Выпалив всё это сквозь слёзы, с трудом отыскивая нужные слова, Ион умолк, принявшись вытирать кулаками и без того уже красные глаза.

Я видел, что Фоминых сочувственно смотрел на него. Велел ординарцу смочить водой полотенце и принести, чтобы Ион вытер своё грязное лицо в синяках. Спросил мальчика:

– Это ты от старшины таким красавцем пришёл ко мне?

– Нет, нет! – вытираясь и несколько успокаиваясь, запротестовал Ион. – Я сам к вам сюда. Я к товарищу старшине Грищенко не пошёл. Он рассердится, что я ушёл, ему ничего не сказал. Он меня может за то назад к хозяину отправить... Товарищ капитан, арестуйте вашего врага – секретаря. Все люди будут довольны.
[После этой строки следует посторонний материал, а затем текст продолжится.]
section \<open>Comparing the two hypothesis-testing quantities\<close>

lemma eln_mono: "x \<le> y \<Longrightarrow> eln x \<le> eln y"
  by (auto simp: eln_def)

lemma eln_mult: "0 < c \<Longrightarrow> eln (c * x) = ereal (ln c) + eln x"
  by (auto simp: eln_def ln_mult zero_less_mult_iff)

lemma cInf_le_mult_cInf:
  fixes A B :: "real set"
  assumes "A \<noteq> {}" "bdd_below B" "0 < c" "\<And>a. a \<in> A \<Longrightarrow> \<exists>b\<in>B. b \<le> c * a"
  shows "Inf B \<le> c * Inf A"
proof -
  have "Inf B / c \<le> Inf A"
  proof (rule cInf_greatest[OF assms(1)])
    fix a assume "a \<in> A"
    then obtain b where "b \<in> B" "b \<le> c * a" using assms(4) by blast
    then have "Inf B \<le> c * a" using cInf_lower[OF _ assms(2)] by fastforce
    then show "Inf B / c \<le> a" using assms(3) by (simp add: divide_le_eq mult.commute)
  qed
  then show ?thesis using assms(3) by (simp add: divide_le_eq mult.commute)
qed

lemma ereal_minus_le_imp_uminus_le:
  fixes a b :: ereal
  assumes "b - ereal c - ereal d \<le> a"
  shows "- a \<le> - b + ereal c + ereal d"
  using assms by (cases a; cases b) auto
lemma co_cycle_nonedges_props:
  assumes "2 \<le> m"
  shows "single_valued (nonedges (co_cycle m))" "single_valued ((nonedges (co_cycle m))\<inverse>)"
    "\<not> verts (co_cycle m) \<subseteq> Field (nonedges (co_cycle m))"
proof -
  note facts = co_cycle_facts[OF assms]
  show "single_valued (nonedges (co_cycle m))"
    unfolding facts(3) single_valued_def by simp
  show "single_valued ((nonedges (co_cycle m))\<inverse>)"
    unfolding facts(3) single_valued_def by (auto dest: arg_cong[of _ _ "cyc_pred m"] simp: cyc_pred_succ)
  have "x < m \<and> y < m" if "(x, y) \<in> nonedges (co_cycle m)" for x y
    using that cyc_succ_less unfolding facts(3) by auto
  then have "m \<notin> Field (nonedges (co_cycle m))" unfolding Field_def by blast
  then show "\<not> verts (co_cycle m) \<subseteq> Field (nonedges (co_cycle m))" unfolding facts(2) by auto
qed

lemma co_cycle_antichain:
  assumes "2 \<le> a" "a < b"
  shows "\<not> hom_image_le (co_cycle a) (co_cycle b)"
proof
  assume "hom_image_le (co_cycle a) (co_cycle b)"
  then obtain f where f: "is_surj_hom f (co_cycle b) (co_cycle a)" unfolding hom_image_le_def by blast
  note A = co_cycle_facts[OF assms(1)] and B = co_cycle_facts[of b]
  have "2 \<le> b" using assms by simp
  have onto: "f ` {0..b} = {0..a}" using f A(2) B(2)[OF \<open>2 \<le> b\<close>] unfolding is_surj_hom_def by simp
  have hom: "is_hom f (co_cycle b) (co_cycle a)" using f unfolding is_surj_hom_def by simp
  have lift: "x < b \<and> z = cyc_succ b x"
    if "x \<in> {0..b}" "z \<in> {0..b}" "f x < a" "f z = cyc_succ a (f x)" for x z
  proof -
    have "(f x, f z) \<in> nonedges (co_cycle a)" using that unfolding A(3) by simp
    then have "(x, z) \<in> nonedges (co_cycle b)"
      using nonedge_lift[OF hom] that B(2)[OF \<open>2 \<le> b\<close>] by simp
    then show ?thesis unfolding B(3)[OF \<open>2 \<le> b\<close>] by simp
  qed
  have "b \<le> a"
  proof (rule cyc_length_le[where f = f and V = "{0..b}"])
    show "0 < a" using assms by simp
    show "{..<a} \<subseteq> f ` {0..b}" unfolding onto by auto
  next
    fix x assume x: "x \<in> {0..b}" "f x < a"
    have "cyc_succ a (f x) \<in> f ` {0..b}" unfolding onto using cyc_succ_less[OF x(2)] by simp
    then obtain z where "z \<in> {0..b}" "f z = cyc_succ a (f x)" by (rule imageE) simp
    then show "x < b \<and> cyc_succ b x \<in> {0..b} \<and> f (cyc_succ b x) < a"
      using lift[of x z] x cyc_succ_less[OF x(2)] cyc_succ_less[of x b] by auto
  next
    fix x y y' assume "x \<in> {0..b}" "f x < a" "y \<in> {0..b}" "y' \<in> {0..b}"
      "f y = cyc_succ a (f x)" "f y' = cyc_succ a (f x)"
    then have "y = cyc_succ b x" "y' = cyc_succ b x" using lift by blast+
    then show "y = y'" by simp
  qed
  then show False using assms by simp
qed

definition cyc_adj :: "nat \<Rightarrow> nat \<Rightarrow> nat \<Rightarrow> bool" where
  "cyc_adj N x y \<longleftrightarrow> x < N \<and> (y = cyc_succ N x \<or> y = cyc_pred N x)"

lemma cyc_adj_less: "cyc_adj N x y \<Longrightarrow> x < N \<and> y < N"
  unfolding cyc_adj_def using cyc_succ_less cyc_pred_less by auto

lemma cyc_adj_sym: "cyc_adj N x y \<Longrightarrow> cyc_adj N y x"
  unfolding cyc_adj_def using cyc_succ_less cyc_pred_less cyc_pred_succ cyc_succ_pred by metis

lemma even_cyc_adj: "even N \<Longrightarrow> cyc_adj N x y \<Longrightarrow> even y \<longleftrightarrow> odd x"
  unfolding cyc_adj_def using even_cyc_succ even_cyc_pred by auto

definition co_alt_cycle :: "nat \<Rightarrow> nat digraph" where
  "co_alt_cycle m = co_digraph {0..2*m} {(x, y). even x \<and> cyc_adj (2*m) x y}"

lemma co_alt_cycle_facts:
  assumes "1 \<le> m"
  shows "fin_refl_digraph (co_alt_cycle m)" "verts (co_alt_cycle m) = {0..2*m}"
    "nonedges (co_alt_cycle m) = {(x, y). even x \<and> cyc_adj (2*m) x y}"
proof -
  have irr: "irrefl {(x, y). even x \<and> cyc_adj (2*m) x y}"
    unfolding irrefl_def cyc_adj_def using assms cyc_succ_neq[of "2*m"] cyc_pred_neq[of "2*m"]
    by (simp add: eq_commute)
  show "fin_refl_digraph (co_alt_cycle m)"
    unfolding co_alt_cycle_def by (rule fin_refl_co_digraph[OF _ irr]) simp
  show "verts (co_alt_cycle m) = {0..2*m}" unfolding co_alt_cycle_def by simp
  have "{(x, y). even x \<and> cyc_adj (2*m) x y} \<subseteq> {0..2*m} \<times> {0..2*m}"
    using cyc_adj_less by (auto simp: less_imp_le)
  then show "nonedges (co_alt_cycle m) = {(x, y). even x \<and> cyc_adj (2*m) x y}"
    unfolding co_alt_cycle_def by (rule nonedges_co_digraph[OF _ irr])
qed

lemma co_alt_cycle_nonedge_paths:
  assumes "1 \<le> m"
  shows "nonedges (co_alt_cycle m) O nonedges (co_alt_cycle m) = {}"
  unfolding co_alt_cycle_facts(3)[OF assms] using even_cyc_adj[of "2*m"] by auto

lemma cyc_adj_lift_co_alt_cycle:
  assumes hom: "is_hom f (co_alt_cycle b) (co_alt_cycle a)" and "1 \<le> a" "1 \<le> b"
    and xz: "x \<in> {0..2*b}" "z \<in> {0..2*b}" and adj: "cyc_adj (2*a) (f x) (f z)"
  shows "cyc_adj (2*b) x z"
proof -
  note A = co_alt_cycle_facts[OF \<open>1 \<le> a\<close>] and B = co_alt_cycle_facts[OF \<open>1 \<le> b\<close>]
  show ?thesis
  proof (cases "even (f x)")
    case True
    then have "(f x, f z) \<in> nonedges (co_alt_cycle a)" using adj unfolding A(3) by simp
    then have "(x, z) \<in> nonedges (co_alt_cycle b)" using nonedge_lift[OF hom] xz B(2) by simp
    then show ?thesis unfolding B(3) by simp
  next
    case False
    then have "(f z, f x) \<in> nonedges (co_alt_cycle a)"
      using adj cyc_adj_sym even_cyc_adj[of "2*a"] unfolding A(3) by simp
    then have "(z, x) \<in> nonedges (co_alt_cycle b)" using nonedge_lift[OF hom] xz B(2) by simp
    then show ?thesis unfolding B(3) using cyc_adj_sym by simp
  qed
qed

lemma co_alt_cycle_lift_neighbour:
  assumes f: "is_surj_hom f (co_alt_cycle b) (co_alt_cycle a)" and "1 \<le> a" "1 \<le> b"
    and x: "x \<in> {0..2*b}" and adj: "cyc_adj (2*a) (f x) v"
  obtains y where "y \<in> {0..2*b}" "f y = v" "cyc_adj (2*b) x y"
proof -
  have "f ` {0..2*b} = {0..2*a}"
    using f co_alt_cycle_facts(2)[OF \<open>1 \<le> a\<close>] co_alt_cycle_facts(2)[OF \<open>1 \<le> b\<close>]
    unfolding is_surj_hom_def by simp
  moreover have "v \<in> {0..2*a}" using cyc_adj_less[OF adj] by simp
  ultimately obtain y where y: "y \<in> {0..2*b}" "f y = v" by (metis imageE)
  have "is_hom f (co_alt_cycle b) (co_alt_cycle a)" using f unfolding is_surj_hom_def by simp
  then have "cyc_adj (2*b) x y" using cyc_adj_lift_co_alt_cycle \<open>1 \<le> a\<close> \<open>1 \<le> b\<close> x y adj by simp
  with y show ?thesis using that by blast
qed

lemma co_alt_cycle_antichain:
  assumes "2 \<le> a" "a < b"
  shows "\<not> hom_image_le (co_alt_cycle a) (co_alt_cycle b)"
proof
  assume "hom_image_le (co_alt_cycle a) (co_alt_cycle b)"
  then obtain f where f: "is_surj_hom f (co_alt_cycle b) (co_alt_cycle a)"
    unfolding hom_image_le_def by blast
  have "1 \<le> a" "1 \<le> b" using assms by simp_all
  note lift = co_alt_cycle_lift_neighbour[OF f \<open>1 \<le> a\<close> \<open>1 \<le> b\<close>]
  have onto: "f ` {0..2*b} = {0..2*a}"
    using f co_alt_cycle_facts(2)[OF \<open>1 \<le> a\<close>] co_alt_cycle_facts(2)[OF \<open>1 \<le> b\<close>]
    unfolding is_surj_hom_def by simp
  have nbrs: "\<exists>y2. y2 \<in> {0..2*b} \<and> f y2 \<noteq> cyc_succ (2*a) (f x) \<and> f y2 < 2*a \<and> cyc_adj (2*b) x y2"
    if x: "x \<in> {0..2*b}" "f x < 2*a" for x
  proof -
    obtain y2 where "y2 \<in> {0..2*b}" "f y2 = cyc_pred (2*a) (f x)" "cyc_adj (2*b) x y2"
      using lift[OF x(1)] x(2) unfolding cyc_adj_def by blast
    moreover have "cyc_pred (2*a) (f x) \<noteq> cyc_succ (2*a) (f x)"
      using cyc_succ_neq_pred[of "2*a" "f x"] x(2) assms by simp
    ultimately show ?thesis using cyc_pred_less[OF x(2)] by auto
  qed
  have "2*b \<le> 2*a"
  proof (rule cyc_length_le[where f = f and V = "{0..2*b}"])
    show "0 < 2*a" using assms by simp
    show "{..<2*a} \<subseteq> f ` {0..2*b}" unfolding onto by auto
  next
    fix x assume x: "x \<in> {0..2*b}" "f x < 2*a"
    obtain y1 where y1: "y1 \<in> {0..2*b}" "f y1 = cyc_succ (2*a) (f x)" "cyc_adj (2*b) x y1"
      using lift[OF x(1)] x(2) unfolding cyc_adj_def by blast
    obtain y2 where y2: "f y2 \<noteq> cyc_succ (2*a) (f x)" "f y2 < 2*a" "cyc_adj (2*b) x y2"
      using nbrs[OF x] by blast
    have "x < 2*b" using y1(3) unfolding cyc_adj_def by simp
    moreover have "cyc_succ (2*b) x = y1 \<or> cyc_succ (2*b) x = y2"
      using y1 y2 unfolding cyc_adj_def by auto
    ultimately show "x < 2*b \<and> cyc_succ (2*b) x \<in> {0..2*b} \<and> f (cyc_succ (2*b) x) < 2*a"
      using y1 y2 cyc_succ_less[OF x(2)] cyc_succ_less[of x "2*b"] by auto
  next
    fix x y y' assume x: "x \<in> {0..2*b}" "f x < 2*a" and "y \<in> {0..2*b}" "y' \<in> {0..2*b}"
      and fy: "f y = cyc_succ (2*a) (f x)" "f y' = cyc_succ (2*a) (f x)"
    have hom: "is_hom f (co_alt_cycle b) (co_alt_cycle a)" using f unfolding is_surj_hom_def by simp
    have "cyc_adj (2*a) (f x) (f y)" "cyc_adj (2*a) (f x) (f y')" using x(2) fy unfolding cyc_adj_def by simp_all
    then have "cyc_adj (2*b) x y" "cyc_adj (2*b) x y'"
      using cyc_adj_lift_co_alt_cycle[OF hom \<open>1 \<le> a\<close> \<open>1 \<le> b\<close>] x(1) \<open>y \<in> _\<close> \<open>y' \<in> _\<close> by blast+
    moreover obtain y2 where "f y2 \<noteq> cyc_succ (2*a) (f x)" "cyc_adj (2*b) x y2" using nbrs[OF x] by blast
    moreover from this(1) have "y \<noteq> y2" "y' \<noteq> y2" using fy by auto
    ultimately show "y = y'" unfolding cyc_adj_def by auto
  qed
  then show False using assms by simp
qed

lemma not_wqo_class_if_antichain:
  fixes G :: "nat \<Rightarrow> 'a digraph"
  assumes mem: "\<And>m. 2 \<le> m \<Longrightarrow> G m \<in> C" and fin: "\<And>m. 2 \<le> m \<Longrightarrow> finite (verts (G m))"
    and incomparable: "\<And>a b. 2 \<le> a \<Longrightarrow> a < b \<Longrightarrow> \<not> hom_image_le (G a) (G b)"
    and growing: "\<And>a b. 2 \<le> a \<Longrightarrow> a < b \<Longrightarrow> card (verts (G a)) < card (verts (G b))"
  shows "\<not> wqo_class hom_image_le C"
proof -
  define s where "s i = G (i + 2)" for i
  have "\<not> hom_image_le (s i) (s j)" if "i \<noteq> j" for i j
  proof (cases "i < j")
    case True then show ?thesis unfolding s_def using incomparable by simp
  next
    case False
    then have "card (verts (s j)) < card (verts (s i))" using that growing unfolding s_def by simp
    then show ?thesis using card_verts_le_if_hom_image_le fin unfolding s_def by fastforce
  qed
  moreover have "s i \<in> C" for i unfolding s_def using mem by simp
  ultimately show ?thesis unfolding wqo_class_def by blast
qed

lemma nonedge_shape_if_wqo_Av:
  assumes wqo: "wqo_class hom_image_le (Av D)"
  shows "single_valued (nonedges D)" "single_valued ((nonedges D)\<inverse>)"
    "\<not> verts D \<subseteq> Field (nonedges D)" "nonedges D O nonedges D = {}"
proof -
  have "\<exists>m\<ge>2. hom_image_le D (co_cycle m)"
  proof (rule ccontr)
    assume "\<not> (\<exists>m\<ge>2. hom_image_le D (co_cycle m))"
    then have "\<not> wqo_class hom_image_le (Av D)"
      using co_cycle_facts co_cycle_antichain
      by (intro not_wqo_class_if_antichain[where G = co_cycle]) (auto simp: Av_def DR_def)
    then show False using wqo by simp
  qed
  then obtain m where "2 \<le> m" "hom_image_le D (co_cycle m)" by blast
  then show "single_valued (nonedges D)" "single_valued ((nonedges D)\<inverse>)"
    "\<not> verts D \<subseteq> Field (nonedges D)"
    using co_cycle_nonedges_props single_valued_nonedges_if_hom_image_le
      single_valued_converse_nonedges_if_hom_image_le verts_subset_Field_nonedges_if_hom_image_le
    by blast+
  have "\<exists>m\<ge>2. hom_image_le D (co_alt_cycle m)"
  proof (rule ccontr)
    assume "\<not> (\<exists>m\<ge>2. hom_image_le D (co_alt_cycle m))"
    then have "\<not> wqo_class hom_image_le (Av D)"
      using co_alt_cycle_facts co_alt_cycle_antichain
      by (intro not_wqo_class_if_antichain[where G = co_alt_cycle]) (auto simp: Av_def DR_def)
    then show False using wqo by simp
  qed
  then obtain m' where "2 \<le> m'" "hom_image_le D (co_alt_cycle m')" by blast
  then show "nonedges D O nonedges D = {}"
    using co_alt_cycle_nonedge_paths[of m'] nonedge_paths_empty_if_hom_image_le by simp
qed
Спасибо станут говорить.

Я велел Иону сесть и стал объяснять.

– Не могу я, Ион, твоего вредного секретаря забрать. Никого мы тут не можем арестовывать. Власть тут румынская – цивильная. Погоди немного, придёт время, сам ваш народ до таких доберётся. И ты сам виноват. Знал ведь, что тебе заступничество за бедняков не простят, а пошёл хвастаться, как теперь живёшь. Да ещё в лес пошёл. Ничего. Хватит тебе страдать. У нас так говорят: до свадьбы заживёт. Теперь иди к старшине и уж терпи, раз провинился, что он тебе скажет.

Приказал Фоминых, чтобы он отвёл Иона к нашему фельдшеру: пускай поможет парню. И пусть уж сегодня старшина его не ругает. Ион и сам на своей спине всё понял.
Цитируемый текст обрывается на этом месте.